2Il devrait savoir que nous partageons aussi la seconde prémisse (développée dans sa dernière thèse), selon laquelle la constitution démocratique reste une simple façade tant que les conditions matérielles et culturelles d’un usage inclusif, égalitaire et autonome des droits de participation politique ne sont pas remplies. Les coûts externes engendrés sur le plan systémique par les défail lances des marchés et les interventions bureaucratiques ne doivent pas être reportés sur les groupes sociaux qui sont déjà les plus désarmés. La participation de plein droit à la communauté politique n’est pas compatible avec l’aggravation des inégalités sociales, dont témoignent aussi les effets désagrégeants de la mondialisation économique sur notre propre société. Mais une véritable égalité politique dépend autant des conditions politico-culturelles que des mesures sociales prises par l’État. Je soupçonne ici une première divergence entre nos approches, qui pourrait expliquer cette attaque contre mes idées somme toute assez triviales sur le rôle public de la religion.

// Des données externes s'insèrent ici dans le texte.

lemma lift_loop_into_Xtop:
  fixes F :: "real \<Rightarrow> 'n::finite \<Rightarrow> (complex^('m::finite option)) set"
  assumes F: "loop_in Ytop (incl_XY x0) F" and F_chart: "\<And>u i. F u i \<in> proj_chart None"
  obtains p where "loop_in Xtop x0 p" and "incl_XY \<circ> p = F"
proof -
  define p where "p u = (\<chi> i. affine_coords (F u i))" for u
  have incl_p: "incl_XY (p u) = F u" for u
    by (simp add: p_def incl_XY_def fun_eq_iff cline_aff_embed_affine_coords F_chart)
  have F_cont: "continuous_map (top_of_set {0..1}) proj_topology (\<lambda>u. F u i)"
    and F_Ysp: "u \<in> {0..1} \<Longrightarrow> F u \<in> Ysp" for u i
    using F by (auto simp: loop_in_def pathin_def continuous_map_Ytop_iff)
  have "continuous_on {0..1} (\<lambda>u. chart_rep None (F u i))" for i
  proof -
    have "continuous_map (top_of_set {0..1}) (subtopology proj_topology (proj_chart None)) (\<lambda>u. F u i)"
      using F_cont F_chart by (simp add: continuous_map_in_subtopology)
    then have "continuous_map (top_of_set {0..1}) euclidean (chart_rep None \<circ> (\<lambda>u. F u i))"
      using continuous_map_chart_rep by (rule continuous_map_compose)
    then show ?thesis
      by (simp add: o_def)
  qed
  then have "continuous_on {0..1} p"
    unfolding p_def affine_coords_def by (intro continuous_intros)
  moreover have "p u \<in> Xsp" if "u \<in> {0..1}" for u
    using F_Ysp[OF that] incl_p by (intro incl_XY_in_Ysp_imp_Xsp) simp
  moreover have "p 0 = x0" "p 1 = x0"
    using F by (simp_all add: p_def loop_in_def incl_XY_def vec_eq_iff)
  ultimately have "loop_in Xtop x0 p"
    by (auto simp: loop_in_def pathin_def Xtop_def continuous_map_in_subtopology)
  moreover have "incl_XY \<circ> p = F"
    using incl_p by auto
  ultimately show thesis
    using that by blast
qed

lemma homotopic_loops_shear_reparametrization:
  assumes q: "loop_in Ytop y0 q"
    and \<tau>: "continuous_on UNIV \<tau>" "\<And>u. \<tau> u \<in> {0..1}" "\<tau> 0 = 0" "\<tau> 1 = 1"
    and \<mu>: "continuous_on UNIV \<mu>" "\<mu> 0 = 0" "\<mu> 1 = 0"
  shows "homotopic_loops_in Ytop y0 (\<lambda>u i. shear (\<mu> u) ` q (\<tau> u) i) q"
proof -
  define r where "r x = (1 - fst x) * \<tau> (snd x) + fst x * snd x" for x :: "real \<times> real"
  define h where "h x i = shear (complex_of_real (1 - fst x) *s \<mu> (snd x)) ` q (r x) i" for x i
  have q_cont: "continuous_map (top_of_set {0..1}) proj_topology (\<lambda>t. q t i)"
    and q_Ysp: "t \<in> {0..1} \<Longrightarrow> q t \<in> Ysp" for t i
    using q by (auto simp: loop_in_def pathin_def continuous_map_Ytop_iff)
  have r_range: "r x \<in> {0..1}" if "x \<in> {0..1} \<times> {0..1}" for x
    using that \<tau>(2)[of "snd x"] convexD[OF convex_real_interval(5), of "\<tau> (snd x)" 0 1 "snd x" "1 - fst x" "fst x"]
    by (auto simp: r_def)
  then have "continuous_map (top_of_set ({0..1} \<times> {0..1})) (top_of_set {0..1}) r"
    unfolding r_def continuous_map_in_subtopology
    by (auto intro!: continuous_intros continuous_on_compose2[OF \<tau>(1)])
  then have "continuous_map (top_of_set ({0..1} \<times> {0..1})) proj_topology (\<lambda>x. h x i)" for i
    unfolding h_def
    by (intro continuous_map_shear_image continuous_map_compose[OF _ q_cont, unfolded o_def])
      (auto intro!: continuous_intros continuous_on_compose2[OF \<mu>(1)])
  moreover have "h x \<in> Ysp" if "x \<in> {0..1} \<times> {0..1}" for x
    unfolding h_def using q_Ysp[OF r_range[OF that]] by (rule shear_image_Ysp)
  ultimately have "continuous_map (prod_topology (top_of_set {0..1}) (top_of_set {0..1})) Ytop h"
    by (auto simp: continuous_map_Ytop_iff)
  moreover have "h (0, u) = (\<lambda>i. shear (\<mu> u) ` q (\<tau> u) i)" "h (1, u) = q u" for u
    by (simp_all add: fun_eq_iff h_def r_def)
  moreover have "h (s, 0) = y0" "h (s, 1) = y0" for s
    using q \<tau>(3,4) \<mu>(2,3) by (simp_all add: fun_eq_iff h_def r_def loop_in_def)
  ultimately show ?thesis
    unfolding homotopic_loops_in_def homotopic_with_def by blast
qed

3Cette première différence concerne la conception délibérative de la politique ; la deuxième touche la monoculture confessionnelle de l’Italie, et la troisième la mentalité du sécularisme.

41. Certes, Paolo Flores d’Arcais professe du bout des lèvres la « démocratie délibérative », mais sa huitième et sa neuvième thèse trahissent une conception non cognitiviste des normes et des valeurs morales, une conception positiviste du droit et une conception volontariste de la démocratie. Ces présupposés philosophiques ne s’accordent pas avec le noyau délibératif de la procédure démocratique. Ils expliquent une certaine incompréhension de l’auteur pour les fonctions que la voix des citoyens – l’« usage public de la raison », comme Rawls le dit après Kant – doit remplir dans une sphère politique publique dominée par les médias de masse, si la politique veut garder un caractère démocratique dans nos sociétés colonisées par le marché. La procédure démocratique exige plus que la simple collecte d’opinions et de « valeurs » inaccessibles aux arguments. Il s’agit de résoudre des problèmes dans l’égal intérêt de tous les citoyens, c’est-à-dire de la manière la plus pertinente et la plus « juste ».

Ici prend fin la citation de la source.